For normally distributed independent variables, the significance of differences between groups was evaluated using an independent samples t-test. For non-normally distributed variables, the Mann-Whitney U test was applied. Categorical variables were compared using the chi-square test. A two-way repeated measures analysis of variance was employed to compare the changes in measured variables over time between the two groups. Additionally, a marginal model was constructed to identify factors influencing changes in homocysteine levels over time. This model included variables such as surgical procedure (RYGB or SG), age, gender, folate levels, vitamin B12 levels, and associated medical conditions.

All tests were two-tailed, and a p-value of less than 0.05 was considered statistically significant. The study received ethical approval from the Gazi University Faculty of Medicine Institutional Review Board (Approval No: 122-17.02.2021).

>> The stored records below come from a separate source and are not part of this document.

(* Let $(X,d)$ be a metric vector space (with translation-invariant metric $d$) such that $\dim X<\infty$. Let $A_0\subseteq A_1\subseteq A_2\subseteq\cdots\subseteq X$ be a nested sequence of subsets of $X$ satisfying: (A1) there is a map $K:\mathbb{N}\to\mathbb{N}$ with $K(n)\ge n$ and $A_n+A_n\subseteq A_{K(n)}$ for all $n\in\mathbb{N}$; (A2) $\lambda A_n\subseteq A_n$ for all $n\in\mathbb{N}$ and all scalars $\lambda$; (A3) $\bigcup_{n\in\mathbb{N}}A_n$ is dense in $X$. Then there exists $N\in\mathbb{N}$ such that $A_N=X$.
   Context: For subsets $A,B$ of a vector space and a scalar $\lambda$, $A+B=\{a+b:a\in A,b\in B\}$ and $\lambda A=\{\lambda a:a\in A\}$. *)

theory Defs
  imports "HOL-Analysis.Analysis"
begin

definition metric_vector_space :: "'a::{real_vector, metric_space} itself \<Rightarrow> bool" where
  "metric_vector_space _ \<longleftrightarrow>
     (\<forall>x y z::'a. dist (x + z) (y + z) = dist x y) \<and>
     continuous_on UNIV (\<lambda>p::'a \<times> 'a. fst p + snd p) \<and>
     continuous_on UNIV (\<lambda>p::real \<times> 'a. fst p *\<^sub>R snd p)"

end

theory Submission
  imports Defs
begin

text \<open>In a metric vector space the span of a finite set is closed: by induction on the set,
a limit of \<open>s\<^sub>k + t\<^sub>k a\<close> with \<open>s\<^sub>k\<close> in a closed span either has convergent coefficients
along a subsequence, or after dividing by \<open>t\<^sub>k\<close> exhibits \<open>a\<close> as a limit in that span.
Since \<open>X\<close> is finite-dimensional, a maximal independent subset \<open>C\<close> of the dense set
\<open>\<Union>n. A n\<close> is finite, so its span is closed and hence all of \<open>X\<close>. Being finite, \<open>C\<close>
(together with \<open>0\<close>) lies in a single \<open>A n\<close>; by (A2) so do all multiples of its elements,
and by (A1) sums of \<open>card C\<close> of them lie in \<open>A ((K ^^ card C) n)\<close>, which is thus all of \<open>X\<close>.\<close>

lemma mvs_tendsto_add:
  fixes f g :: "'b \<Rightarrow> 'a::{real_vector, metric_space}"
  assumes mvs: "metric_vector_space TYPE('a)" and "(f \<longlongrightarrow> a) F" "(g \<longlongrightarrow> b) F"
  shows "((\<lambda>x. f x + g x) \<longlongrightarrow> a + b) F"
proof -
  have "continuous_on UNIV (\<lambda>p::'a \<times> 'a. fst p + snd p)"
    using mvs unfolding metric_vector_space_def by blast
  from continuous_on_tendsto_compose[OF this tendsto_Pair[OF assms(2,3)]] show ?thesis by simp
qed

lemma mvs_tendsto_scaleR:
  fixes f :: "'b \<Rightarrow> real" and g :: "'b \<Rightarrow> 'a::{real_vector, metric_space}"
  assumes mvs: "metric_vector_space TYPE('a)" and "(f \<longlongrightarrow> a) F" "(g \<longlongrightarrow> b) F"
  shows "((\<lambda>x. f x *\<^sub>R g x) \<longlongrightarrow> a *\<^sub>R b) F"
proof -
  have "continuous_on UNIV (\<lambda>p::real \<times> 'a. fst p *\<^sub>R snd p)"
    using mvs unfolding metric_vector_space_def by blast
  from continuous_on_tendsto_compose[OF this tendsto_Pair[OF assms(2,3)]] show ?thesis by simp
qed

lemma closed_limit_convergent_coeff:
  fixes S :: "'a::{real_vector, metric_space} set"
  assumes mvs: "metric_vector_space TYPE('a)" and "closed S"
    and mem: "\<And>n. x n - t n *\<^sub>R a \<in> S"
    and x: "x \<longlonglongrightarrow> l" and t: "t \<longlonglongrightarrow> c"
  shows "l - c *\<^sub>R a \<in> S"
proof -
  have "(\<lambda>n. x n + (- t n) *\<^sub>R a) \<longlonglongrightarrow> l + (- c) *\<^sub>R a"
    by (intro mvs_tendsto_add[OF mvs] mvs_tendsto_scaleR[OF mvs] x t tendsto_intros)
  moreover have "\<forall>n. x n + (- t n) *\<^sub>R a \<in> S"
    using mem by simp
  ultimately show ?thesis
    using \<open>closed S\<close> unfolding closed_sequential_limits by fastforce
qed

lemma closed_subspace_limit_divergent_coeff:
  fixes S :: "'a::{real_vector, metric_space} set"
  assumes mvs: "metric_vector_space TYPE('a)" and "closed S" "subspace S"
    and mem: "\<And>n. x n - t n *\<^sub>R a \<in> S"
    and x: "x \<longlonglongrightarrow> l" and t: "(\<lambda>n. inverse (t n)) \<longlonglongrightarrow> 0"
    and t_nz: "\<forall>\<^sub>F n in sequentially. t n \<noteq> 0"
  shows "a \<in> S"
proof -
  have "(\<lambda>n. - (inverse (t n) * t n)) \<longlonglongrightarrow> -1"
    by (rule tendsto_eventually) (use t_nz in eventually_elim, simp)
  then have "(\<lambda>n. inverse (t n) *\<^sub>R x n + (- (inverse (t n) * t n)) *\<^sub>R a)
      \<longlonglongrightarrow> 0 *\<^sub>R l + (-1) *\<^sub>R a"
    by (intro mvs_tendsto_add[OF mvs] mvs_tendsto_scaleR[OF mvs] x t tendsto_const)
  moreover have "inverse (t n) *\<^sub>R x n + (- (inverse (t n) * t n)) *\<^sub>R a \<in> S" for n
    using subspace_scale[OF \<open>subspace S\<close> mem, of "inverse (t n)" n]
    by (simp add: algebra_simps)
  ultimately have "- a \<in> S"
    using \<open>closed S\<close> unfolding closed_sequential_limits by fastforce
  then show ?thesis
    using subspace_neg[OF \<open>subspace S\<close>] by fastforce
qed

lemma closed_span_insert:
  fixes F :: "'a::{real_vector, metric_space} set"
  assumes mvs: "metric_vector_space TYPE('a)" and closed: "closed (span F)"
  shows "closed (span (insert a F))"
proof (cases "a \<in> span F")
  case True
  then show ?thesis using closed by (simp add: span_redundant)
next
  case False
  show ?thesis
    unfolding closed_sequential_limits
  proof (intro allI impI, elim conjE)
    fix x l assume "\<forall>n. x n \<in> span (insert a F)" and x: "x \<longlonglongrightarrow> l"
    then have "\<forall>n. \<exists>c. x n - c *\<^sub>R a \<in> span F"
      by (simp add: span_insert)
    then obtain t where t: "\<And>n. x n - t n *\<^sub>R a \<in> span F"
      by metis
    \<comment> \<open>Compress the coefficients into \<open>[-1, 1]\<close> to extract a convergent subsequence.\<close>
    define \<phi> where "\<phi> n = t n / (1 + \<bar>t n\<bar>)" for n
    have "\<phi> n \<in> {-1..1}" for n
      unfolding \<phi>_def by (auto simp: divide_simps abs_if)
    then obtain p r where "p \<in> {-1..1}" "strict_mono r" and "(\<phi> \<circ> r) \<longlonglongrightarrow> p"
      using compact_Icc[of "-1::real" 1] unfolding compact_eq_seq_compact_metric seq_compact_def
      by metis
    then have p: "\<bar>p\<bar> \<le> 1" and \<phi>r: "(\<lambda>n. \<phi> (r n)) \<longlonglongrightarrow> p"
      by (auto simp: o_def)
    have xr: "(\<lambda>n. x (r n)) \<longlonglongrightarrow> l"
      using LIMSEQ_subseq_LIMSEQ[OF x \<open>strict_mono r\<close>] by (simp add: o_def)
    have one_minus: "1 - \<bar>\<phi> n\<bar> = 1 / (1 + \<bar>t n\<bar>)" for n
      unfolding \<phi>_def by (simp add: abs_divide divide_simps)
    have "\<bar>p\<bar> \<noteq> 1"
    proof
      assume "\<bar>p\<bar> = 1"
      then have "p \<noteq> 0" by auto
      have "inverse (t n) = (1 - \<bar>\<phi> n\<bar>) / \<phi> n" for n
        unfolding one_minus unfolding \<phi>_def by (simp add: divide_simps)
      then have "(\<lambda>n. inverse (t (r n))) \<longlonglongrightarrow> (1 - \<bar>p\<bar>) / p"
        by (simp only:) (intro tendsto_intros \<phi>r \<open>p \<noteq> 0\<close>)
      moreover have "\<forall>\<^sub>F n in sequentially. t (r n) \<noteq> 0"
        using tendsto_imp_eventually_ne[OF \<phi>r \<open>p \<noteq> 0\<close>] by eventually_elim (simp add: \<phi>_def)
      ultimately have "a \<in> span F"
        using closed_subspace_limit_divergent_coeff[OF mvs closed subspace_span t xr] \<open>\<bar>p\<bar> = 1\<close>
        by simp
      with False show False ..
    qed
    with p have "1 - \<bar>p\<bar> \<noteq> 0" by auto
    moreover have "t n = \<phi> n / (1 - \<bar>\<phi> n\<bar>)" for n
      unfolding one_minus unfolding \<phi>_def by simp
    ultimately have "(\<lambda>n. t (r n)) \<longlonglongrightarrow> p / (1 - \<bar>p\<bar>)"
      by (simp only:) (intro tendsto_intros \<phi>r)
    then have "l - (p / (1 - \<bar>p\<bar>)) *\<^sub>R a \<in> span F"
      using closed_limit_convergent_coeff[OF mvs closed t xr] by blast
    then show "l \<in> span (insert a F)"
      by (auto simp: span_insert)
  qed
qed

lemma closed_span_finite:
  fixes S :: "'a::{real_vector, metric_space} set"
  assumes mvs: "metric_vector_space TYPE('a)" and "finite S"
  shows "closed (span S)"
  using \<open>finite S\<close> by induction (simp_all add: closed_span_insert[OF mvs])

lemma dense_subset_contains_spanning_finite:
  fixes U :: "'a::{real_vector, metric_space} set"
  assumes mvs: "metric_vector_space TYPE('a)"
    and findim: "\<exists>B::'a set. finite B \<and> span B = UNIV"
    and dense: "closure U = UNIV"
  obtains C where "finite C" "C \<subseteq> U" "span C = UNIV"
proof -
  obtain B :: "'a set" where B: "finite B" "span B = UNIV" using findim by blast
  obtain C where C: "C \<subseteq> U" "independent C" "U \<subseteq> span C"
    by (rule maximal_independent_subset)
  have "finite C" using independent_span_bound[OF B(1) C(2)] B(2) by blast
  then have "closure U \<subseteq> span C"
    using closure_minimal[OF C(3) closed_span_finite[OF mvs]] by blast
  with dense have "span C = UNIV" by blast
  with \<open>finite C\<close> C(1) show thesis ..
qed

lemma incseq_finite_subset_UN:
  assumes "incseq A" "finite C" "C \<subseteq> (\<Union>n. A n)"
  shows "\<exists>n. C \<subseteq> A n"
  using \<open>finite C\<close> \<open>C \<subseteq> (\<Union>n. A n)\<close>
proof induction
  case (insert c C)
  then obtain n m where "C \<subseteq> A n" "c \<in> A m" by auto
  then have "insert c C \<subseteq> A (max n m)"
    using incseqD[OF \<open>incseq A\<close>, of n "max n m"] incseqD[OF \<open>incseq A\<close>, of m "max n m"] by auto
  then show ?case ..
qed simp

lemma sum_scaleR_mem_iterated_sumset:
  fixes A :: "nat \<Rightarrow> 'a::real_vector set" and K :: "nat \<Rightarrow> nat"
  assumes "incseq A"
    and K_ge: "\<And>n. K n \<ge> n"
    and sums: "\<And>n. {a + b | a b. a \<in> A n \<and> b \<in> A n} \<subseteq> A (K n)"
    and scales: "\<And>n c. (\<lambda>x. c *\<^sub>R x) ` A n \<subseteq> A n"
    and "0 \<in> A n" "finite F" "F \<subseteq> A n"
  shows "(\<Sum>v\<in>F. u v *\<^sub>R v) \<in> A ((K ^^ card F) n)"
  using \<open>finite F\<close> \<open>F \<subseteq> A n\<close>
proof induction
  case empty
  then show ?case using \<open>0 \<in> A n\<close> by simp
next
  case (insert x F)
  have "n \<le> (K ^^ k) n" for k
    by (induction k) (auto intro: order_trans[OF _ K_ge])
  then have "A n \<subseteq> A ((K ^^ card F) n)"
    using \<open>incseq A\<close> by (simp add: incseqD)
  moreover have "u x *\<^sub>R x \<in> A n"
    using insert.prems scales by blast
  ultimately have "u x *\<^sub>R x \<in> A ((K ^^ card F) n)"
    by blast
  moreover have "(\<Sum>v\<in>F. u v *\<^sub>R v) \<in> A ((K ^^ card F) n)"
    using insert by simp
  ultimately have "u x *\<^sub>R x + (\<Sum>v\<in>F. u v *\<^sub>R v) \<in> A (K ((K ^^ card F) n))"
    using sums by blast
  then show ?case
    using insert by simp
qed

theorem mainTheorem1:
  fixes A :: "nat \<Rightarrow> 'a::{real_vector, metric_space} set"
    and K :: "nat \<Rightarrow> nat"
  assumes mvs: "metric_vector_space TYPE('a)"
    and findim: "\<exists>B::'a set. finite B \<and> span B = UNIV"
    and nested: "\<And>n. A n \<subseteq> A (Suc n)"
    and K_ge: "\<And>n. K n \<ge> n"
    and A1: "\<And>n. {a + b | a b. a \<in> A n \<and> b \<in> A n} \<subseteq> A (K n)"
    and A2: "\<And>n (c::real). (\<lambda>x. c *\<^sub>R x) ` A n \<subseteq> A n"
    and A3: "closure (\<Union>n. A n) = UNIV"
  shows "\<exists>N. A N = UNIV"
proof -
  have inc: "incseq A" using nested by (rule incseq_SucI)
  obtain C where C: "finite C" "C \<subseteq> (\<Union>n. A n)" "span C = UNIV"
    using dense_subset_contains_spanning_finite[OF mvs findim A3] .
  have "(\<Union>n. A n) \<noteq> {}"
    using A3 by (metis closure_empty empty_not_UNIV)
  then obtain z m where "z \<in> A m" by blast
  then have "0 \<in> A m"
    using A2[of 0 m] by auto
  then obtain n where n: "insert 0 C \<subseteq> A n"
    using incseq_finite_subset_UN[OF inc, of "insert 0 C"] C by blast
  have "y \<in> A ((K ^^ card C) n)" for y
  proof -
    obtain u where "y = (\<Sum>v\<in>C. u v *\<^sub>R v)"
      using C(3) span_finite[OF C(1)] by blast
    then show ?thesis
      using sum_scaleR_mem_iterated_sumset[OF inc K_ge A1 A2 _ C(1)] n by auto
  qed
  then show ?thesis
    by blast
qed

end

A total of 126 patients were included in the study, of which 26 (20.63%) were male and 100 (79.37%) were female. The mean BMI was 41.30 kg/m² (± 5.75), and the median age was 37 years (range 18–72). Among the participants, 62 (49.21%) had Type 2 diabetes mellitus, 64 (50.79%) had dyslipidemia, and 27 (21.43%) had hypertension. The majority of the surgeries were Roux-en-Y Gastric Bypass (RYGB) (106 patients, 84.13%), while 20 patients (15.87%) underwent Sleeve Gastrectomy (SG). Most of the surgeries were performed using robotic techniques (97.61%), with the remainder conducted laparoscopically. Postoperative complications occurred in 2 (1.59%) patients, both of which were Clavien-Dindo Class II (gastrointestinal bleeding and pulmonary infection). The median length of hospitalization was 2 days (range 1–10) (Table 1).

When comparing biochemical parameters over time within and between the RYGB and SG groups, several significant findings were observed.

Homocysteine

Homocysteine levels showed a statistically significant increase over time in both groups (RYGB: p < 0.001; SG: p < 0.001). The increase was most notable at the 1st and 6th-month follow-ups, with levels starting to stabilize by the 12th month. However, there was no statistically significant difference in homocysteine level changes between the two surgical groups (p = 0.494) (Table 2; Fig. 1).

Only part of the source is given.